Perlengkapan Perang ini adalah pandan berduri
diikat menjadi satu berbentuk sebuah gada, sementara untuk perisai yang terbuat
dari rotan. Setiap pria (mulai naik remaja) didesa ini wajib ikut dalam
pelaksanaan Perang Pandan, panggung berukuran sekitar 5 x 5 meter persegi itu.
Dengan tinggi sekitar 1 meter, tanpa tali pengaman mengelilingi.

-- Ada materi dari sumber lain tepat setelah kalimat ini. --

lemma card_pairs_sharing_le:
  assumes "q \<le> K"
  shows "card {p \<in> key_rings P K \<times> key_rings P K. q \<le> card (fst p \<inter> snd p)} \<le> common_subset_count P K q"
proof -
  let ?R = "key_rings P K"
  have "card {p \<in> ?R \<times> ?R. q \<le> card (fst p \<inter> snd p)} = (\<Sum>p\<in>?R \<times> ?R. of_bool (q \<le> card (fst p \<inter> snd p)))"
    using finite_key_rings by (simp add: card_eq_sum_of_bool)
  also have "\<dots> \<le> (\<Sum>p\<in>?R \<times> ?R. card (fst p \<inter> snd p) choose q)"
    by (intro sum_mono) (simp add: Suc_leI zero_less_binomial)
  also have "\<dots> = common_subset_count P K q"
    using assms by (rule sum_choose_card_Int_key_rings)
  finally show ?thesis .
qed

lemma card_pairs_sharing_exactly_ge:
  assumes "q < K" "K \<le> P"
  shows "real (common_subset_count P K q) * (1 - real K ^ 2 / real P)
       \<le> real (card {p \<in> key_rings P K \<times> key_rings P K. card (fst p \<inter> snd p) = q})"
proof -
  let ?R = "key_rings P K"
  have "common_subset_count P K q = (\<Sum>p\<in>?R \<times> ?R. card (fst p \<inter> snd p) choose q)"
    using assms by (simp add: sum_choose_card_Int_key_rings)
  also have "\<dots> \<le> (\<Sum>p\<in>?R \<times> ?R. of_bool (card (fst p \<inter> snd p) = q)
                                 + Suc q * (card (fst p \<inter> snd p) choose Suc q))"
    by (intro sum_mono choose_le_of_bool_eq_plus)
  also have "\<dots> = card {p \<in> ?R \<times> ?R. card (fst p \<inter> snd p) = q} + Suc q * common_subset_count P K (Suc q)"
    using assms finite_key_rings
    by (simp add: sum.distrib card_eq_sum_of_bool sum_choose_card_Int_key_rings flip: sum_distrib_left)
  finally have "real (common_subset_count P K q)
      \<le> real (card {p \<in> ?R \<times> ?R. card (fst p \<inter> snd p) = q}) + real (Suc q * common_subset_count P K (Suc q))"
    by linarith
  then show ?thesis
    using common_subset_count_Suc_le[OF assms] by (simp add: algebra_simps)
qed

lemma binomial_mult_fact_le: "real (n choose k) * fact k \<le> real n ^ k"
proof (cases "k \<le> n")
  case True
  then have "(\<Prod>i<k. real n - real i) \<le> (\<Prod>i<k. real n)" by (intro prod_mono) auto
  then show ?thesis by (simp add: binomial_mult_fact_real)
qed (simp add: binomial_eq_0)

lemma binomial_mult_fact_ge:
  assumes "k \<le> n"
  shows "(real n - real k) ^ k \<le> real (n choose k) * fact k"
proof -
  have "(\<Prod>i<k. real n - real k) \<le> (\<Prod>i<k. real n - real i)" using assms by (intro prod_mono) auto
  then show ?thesis by (simp add: binomial_mult_fact_real)
qed

lemma common_subset_count_le:
  assumes "q \<le> K" "K \<le> P" "0 < P"
  shows "real (common_subset_count P K q) \<le> real (P choose K) ^ 2 * (real K ^ (2 * q) / (fact q * real P ^ q))"
proof -
  have "real (common_subset_count P K q) * fact q
      = (real (P choose q) * fact q) * real ((P - q) choose (K - q)) ^ 2"
    by (simp add: common_subset_count_def)
  also have "\<dots> \<le> real P ^ q * (real (P choose K) * (real K / real P) ^ q) ^ 2"
    using assms by (intro mult_mono power_mono binomial_mult_fact_le binomial_ratio_le) auto
  also have "\<dots> = real (P choose K) ^ 2 * (real K ^ (2 * q) / real P ^ q)"
    using assms by (simp add: power_divide power_mult_distrib power_mult field_simps power2_eq_square)
  finally show ?thesis using assms by (simp add: field_simps)
qed

lemma common_subset_count_ge:
  assumes "q < K" "K \<le> P"
  shows "real (P choose K) ^ 2 * ((1 - real q / real P) ^ q * (1 - real q / real K) ^ (2 * q))
           * (real K ^ (2 * q) / (fact q * real P ^ q))
       \<le> real (common_subset_count P K q)"
proof -
  have K: "real K > 0" and P: "real P > 0" using assms by simp_all
  have "(1 - real q / real P) ^ q = (real P - real q) ^ q / real P ^ q"
    using P by (simp add: field_simps power_divide)
  moreover have "(1 - real q / real K) ^ (2 * q) * real K ^ (2 * q) = (real K - real q) ^ (2 * q)"
    using K by (simp add: field_simps flip: power_mult_distrib)
  ultimately have "real (P choose K) ^ 2 * ((1 - real q / real P) ^ q * (1 - real q / real K) ^ (2 * q))
           * (real K ^ (2 * q) / (fact q * real P ^ q)) * fact q
      = (real P - real q) ^ q * (real (P choose K) * ((real K - real q) / real P) ^ q) ^ 2"
    using P by (simp add: power_divide power_mult_distrib power_mult field_simps power2_eq_square)
  also have "\<dots> \<le> (real (P choose q) * fact q) * real ((P - q) choose (K - q)) ^ 2"
    using assms by (intro mult_mono power_mono binomial_mult_fact_ge binomial_ratio_ge) auto
  also have "\<dots> = real (common_subset_count P K q) * fact q"
    by (simp add: common_subset_count_def)
  finally show ?thesis using P by (simp add: field_simps)
qed

section \<open>Bounds on the two probabilities\<close>

lemma p_s_le:
  assumes "q \<le> K" "K \<le> P" "0 < P"
  shows "p_s P K q \<le> real K ^ (2 * q) / (fact q * real P ^ q)"
proof -
  let ?R = "key_rings P K"
  have N: "real (P choose K) > 0" using assms by simp
  have "{(A, B). A \<in> ?R \<and> B \<in> ?R \<and> q \<le> card (A \<inter> B)} = {p \<in> ?R \<times> ?R. q \<le> card (fst p \<inter> snd p)}"
    by auto
  then have "p_s P K q = real (card {p \<in> ?R \<times> ?R. q \<le> card (fst p \<inter> snd p)}) / real (P choose K) ^ 2"
    by (simp add: p_s_def card_key_rings)
  also have "\<dots> \<le> real (common_subset_count P K q) / real (P choose K) ^ 2"
    using card_pairs_sharing_le[OF assms(1)] N by (intro divide_right_mono) simp_all
  also have "\<dots> \<le> real K ^ (2 * q) / (fact q * real P ^ q)"
    using common_subset_count_le[OF assms] N by (simp add: field_simps)
  finally show ?thesis .
qed

lemma p_s_ge:
  assumes "q < K" "K \<le> P" "real K ^ 2 \<le> real P"
  shows "(1 - real K ^ 2 / real P) * ((1 - real q / real P) ^ q * (1 - real q / real K) ^ (2 * q))
           * (real K ^ (2 * q) / (fact q * real P ^ q))
       \<le> p_s P K q"
proof -
  let ?R = "key_rings P K"
  have N: "real (P choose K) > 0" using assms by simp
  have "((1 - real q / real P) ^ q * (1 - real q / real K) ^ (2 * q)) * (real K ^ (2 * q) / (fact q * real P ^ q))
      \<le> real (common_subset_count P K q) / real (P choose K) ^ 2"
    using common_subset_count_ge[OF assms(1,2)] N by (simp add: pos_le_divide_eq mult_ac)
  then have "(1 - real K ^ 2 / real P) * ((1 - real q / real P) ^ q * (1 - real q / real K) ^ (2 * q))
           * (real K ^ (2 * q) / (fact q * real P ^ q))
      \<le> (1 - real K ^ 2 / real P) * (real (common_subset_count P K q) / real (P choose K) ^ 2)"
    unfolding mult.assoc[of "1 - real K ^ 2 / real P"] using assms by (intro mult_left_mono) simp_all
  also have "\<dots> \<le> real (card {p \<in> ?R \<times> ?R. card (fst p \<inter> snd p) = q}) / real (P choose K) ^ 2"
    using divide_right_mono[OF card_pairs_sharing_exactly_ge[OF assms(1,2)], of "real (P choose K) ^ 2"]
    by (simp add: mult.commute)
  also have "\<dots> \<le> real (card {p \<in> ?R \<times> ?R. q \<le> card (fst p \<inter> snd p)}) / real (P choose K) ^ 2"
    using finite_key_rings by (intro divide_right_mono of_nat_mono card_mono) auto
  also have "\<dots> = p_s P K q"
  proof -
    have "{(A, B). A \<in> ?R \<and> B \<in> ?R \<and> q \<le> card (A \<inter> B)} = {p \<in> ?R \<times> ?R. q \<le> card (fst p \<inter> snd p)}"
      by auto
    then show ?thesis by (simp add: p_s_def card_key_rings)
  qed
  finally show ?thesis .
qed

lemma card_pairs_sharing_pos:
  assumes "q \<le> K" "K \<le> P"
  shows "0 < card {p \<in> key_rings P K \<times> key_rings P K. q \<le> card (fst p \<inter> snd p)}"
proof -
  have "{..<K} \<in> key_rings P K" using assms unfolding key_rings_def by auto
  then have "({..<K}, {..<K}) \<in> {p \<in> key_rings P K \<times> key_rings P K. q \<le> card (fst p \<inter> snd p)}"
    using assms by simp
  moreover have "finite {p \<in> key_rings P K \<times> key_rings P K. q \<le> card (fst p \<inter> snd p)}"
    using finite_key_rings by simp
  ultimately show ?thesis unfolding card_gt_0_iff by blast
qed

lemma card_outcomes_filter:
  "card {(A, B, Cs) \<in> outcomes P K m. \<Phi> A B \<and> \<Psi> A B Cs}
   = (\<Sum>p\<in>{p \<in> key_rings P K \<times> key_rings P K. \<Phi> (fst p) (snd p)}.
        card {Cs \<in> ring_lists P K m. \<Psi> (fst p) (snd p) Cs})"
proof -
  let ?S = "SIGMA p:{p \<in> key_rings P K \<times> key_rings P K. \<Phi> (fst p) (snd p)}.
              {Cs \<in> ring_lists P K m. \<Psi> (fst p) (snd p) Cs}"
  have "{(A, B, Cs) \<in> outcomes P K m. \<Phi> A B \<and> \<Psi> A B Cs} = (\<lambda>((A, B), Cs). (A, B, Cs)) ` ?S"
    by (auto simp: outcomes_def ring_lists_def image_iff)
  moreover have "inj_on (\<lambda>((A, B), Cs). (A, B, Cs)) ?S" by (auto simp: inj_on_def)
  ultimately show ?thesis
    using finite_key_rings finite_ring_lists by (simp add: card_image)
qed

lemma p_compromised_eq:
  fixes P K q m :: nat
  defines "S \<equiv> {p \<in> key_rings P K \<times> key_rings P K. q \<le> card (fst p \<inter> snd p)}"
  shows "p_compromised P K q m
       = (\<Sum>p\<in>S. real (card {Cs \<in> ring_lists P K m. fst p \<inter> snd p \<subseteq> \<Union>(set Cs)}))
         / (real (card S) * real (P choose K) ^ m)"
proof -
  have "{(A, B, Cs) \<in> outcomes P K m. q \<le> card (A \<inter> B)}
      = {(A, B, Cs) \<in> outcomes P K m. q \<le> card (A \<inter> B) \<and> True}" by simp
  then have "card {(A, B, Cs) \<in> outcomes P K m. q \<le> card (A \<inter> B)} = card S * (P choose K) ^ m"
    using card_outcomes_filter[of P K m "\<lambda>A B. q \<le> card (A \<inter> B)" "\<lambda>_ _ _. True"]
    by (simp add: S_def card_ring_lists)
  moreover have "card {(A, B, Cs) \<in> outcomes P K m. q \<le> card (A \<inter> B) \<and> A \<inter> B \<subseteq> \<Union>(set Cs)}
      = (\<Sum>p\<in>S. card {Cs \<in> ring_lists P K m. fst p \<inter> snd p \<subseteq> \<Union>(set Cs)})"
    unfolding S_def by (rule card_outcomes_filter)
  ultimately show ?thesis by (simp add: p_compromised_def)
qed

Sebelum Perang Pandan dimulai,diawali dengan
ritual upacara mengelilingi desa untuk memohon keselamatan,lalu diadakan ritual
minum tuak, tuak dalam di bambu dituangkan ke daun pisang yang berfungsi
seperti gelas. Peserta perang saling menuangkan tuak itu ke daun pisang peserta
lain. Kemudian tuak tersebut dikumpulkan menjadi satu dan dibuang kesamping
panggung.
Saat upacara Perang Pandan akan dimulai, Mangku
Widia pemimpin adat di Desa Tenganan memberi aba-aba dengan suaranya, lalu dua
pemuda bersiap-siap. Mereka berhadap-hadapan dengan seikat daun pandan di
tangan kanan dan perisai terbuat dari anyaman rotan di tangan kiri. Penengah
layaknya wasit berdiri di antara dua pemuda ini.
Setelah penengah mengangkat tangan
tinggi-tinggi, dua pemuda itu saling menyerang. Mereka memukul punggung lawan
dengan cara merangkulnya terlebih dulu. Mereka berpelukan. Saling memukul
punggung lawan dengan daun pandan itu lalu menggeretnya. Karena itu ritual ini
disebut pula megeret pandan. Peserta perang yang lain bersorak memberi
semangat. Gamelan ditabuh dengan tempo cepat. Dua pemuda itu saling berangkulan
dan memukul hingga jatuh. Penengah memisahkan keduanya dibantu pemedek yang
lain.
Pertandingan ini tidak berlangsung lama. Kurang
dari satu menit bahkan. Selesai satu pertandingan langsung disambung
pertandingan yang lain, Ini dilakukan bergilir (lebih kurang selama 3 jam).
Seusai upacara tersebut semua luka gores
diobati dengan ramuan tradisional berbahan kunyit yang konon sangat ampuh untuk
menyembuhkan luka. Tidak ada sorot mata sedih bahkan tangisan pada saat itu
karena mereka semua melakukannya dengan iklas dan gembira. Tradisi ini adalah
bagian dari ritual pemujaan masyarakat Tenganan kepada Dewa Indra, dewa perang
yang dihormati dengan darah lewat upacara perang pandan, dilakukan tanpa rasa
dendam, atau bahkan dengan senyum ceria, meski harus saling melukai dengan duri
pandan.
Setelah Perang Pandan selesai kemudian ditutup
dengan bersembahyangan di Pura setempat dilengkapi dengan
mempersembahkan/menghaturkan tari Rejang.
Adat istiadat harus kita junjung tinggi karena
merupakan citra diri juga melambangkan harga diri akan suatu negeri. Adat
istiadat jangan sampai hilang agar orang tahu dari mana kita berasal. Bali
pulau dewata menampilkan berbagai macam keindahan.